FRIDAY, April 20, 2018 (HealthDay News) — Eight factors contribute to postoperative pain after spine surgery, according to a study presented at the 2018 World Congress on Regional Anesthesia and Pain Medicine, held from April 19 to 21 in New York City.
Quentin Baca, M.D., from Stanford University in California, and colleagues developed a model of postoperative pain after spine surgery. A total of 1,008 patients who underwent spine surgery under general anesthesia from 2011 to 2013 were included. An elastic net algorithm was used to create a predictive model of postoperative pain in the first 24 hours after surgery using a randomly selected training cohort; model performance was validated in an independent patient cohort, and bootstrap modeling of factor selection was used to characterize its stability.

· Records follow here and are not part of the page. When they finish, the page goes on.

definition partial_euler_prod :: "(int \<times> int) set \<Rightarrow> nat \<Rightarrow> real" where
  "partial_euler_prod A n = (\<Prod>p\<le>n. euler_factor A p)"

lemma convergent_prod_euler_factor:
  assumes "finite A"
  shows "convergent_prod (euler_factor A)"
proof -
  have bound: "norm (euler_factor A n - 1) \<le> real (card A) * inverse (real n ^ 2)" for n
  proof -
    have "norm (euler_factor A n - 1) \<le> real (card (red n A)) / (real n)\<^sup>2"
      by (simp add: euler_factor_def)
    also have "\<dots> \<le> real (card A) / (real n)\<^sup>2"
      unfolding red_def using assms by (intro divide_right_mono) (simp_all add: card_image_le)
    finally show ?thesis
      by (simp add: divide_inverse)
  qed
  have "summable (\<lambda>n. real (card A) * inverse (real n ^ 2))"
    by (intro summable_mult inverse_power_summable) simp
  then have "summable (\<lambda>n. norm (euler_factor A n - 1))"
    by (rule summable_comparison_test') (use bound in simp)
  then show ?thesis
    by (intro abs_convergent_prod_imp_convergent_prod summable_imp_abs_convergent_prod)
qed

lemma partial_euler_prod_LIMSEQ:
  assumes "finite A"
  shows "partial_euler_prod A \<longlonglongrightarrow> euler_prod A"
proof -
  have "euler_prod A = prodinf (euler_factor A)"
    unfolding euler_prod_def euler_factor_def ..
  then show ?thesis
    unfolding partial_euler_prod_def by (simp add: convergent_prod_LIMSEQ convergent_prod_euler_factor assms)
qed

lemma euler_prod_empty: "euler_prod {} = 1"
proof -
  have "euler_factor {} = (\<lambda>_. 1)" by (auto simp: euler_factor_def red_def)
  then have "partial_euler_prod {} = (\<lambda>_. 1)"
    by (simp add: partial_euler_prod_def fun_eq_iff)
  then show ?thesis
    using partial_euler_prod_LIMSEQ[of "{}"] by (simp add: LIMSEQ_const_iff)
qed

definition primes_upto :: "nat \<Rightarrow> nat set" where
  "primes_upto n = {p. prime p \<and> p \<le> n}"

definition residue_square :: "nat \<Rightarrow> (int \<times> int) set" where
  "residue_square p = {0..<int p} \<times> {0..<int p}"

definition sieve_weight :: "nat \<Rightarrow> real" where
  "sieve_weight n = (\<Prod>p\<in>primes_upto n. 1 / (real p)\<^sup>2)"

definition sieve_survivors :: "nat \<Rightarrow> (nat \<Rightarrow> int \<times> int) \<Rightarrow> (int \<times> int) set" where
  "sieve_survivors n f = {x. \<forall>p\<in>primes_upto n. (fst x mod int p, snd x mod int p) \<noteq> f p}"

lemma finite_primes_upto: "finite (primes_upto n)"
  unfolding primes_upto_def by auto

lemma finite_residue_square: "finite (residue_square p)"
  unfolding residue_square_def by auto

The researchers generated a cross-validated predictive model of postoperative pain. Bootstrap modeling of factor selection identified eight robust predictive factors: sex, preoperative pain, duration of surgery, remifentanil use, ketamine use, non-opioid intraoperative pain medication use, volatile anesthetic use, and post anesthesia care unit morphine equivalent consumption. These factors independently contributed to postoperative pain, and there was significant inter-dependence between several factors. There was a strong dependence of postoperative pain on the number of classes of non-opioid analgesics used during surgery and the use of intraoperative remifentanil.
“The factors identified in this model and their relative contribution to postoperative pain present opportunities for interventions to improve pain control in the future,” the authors write.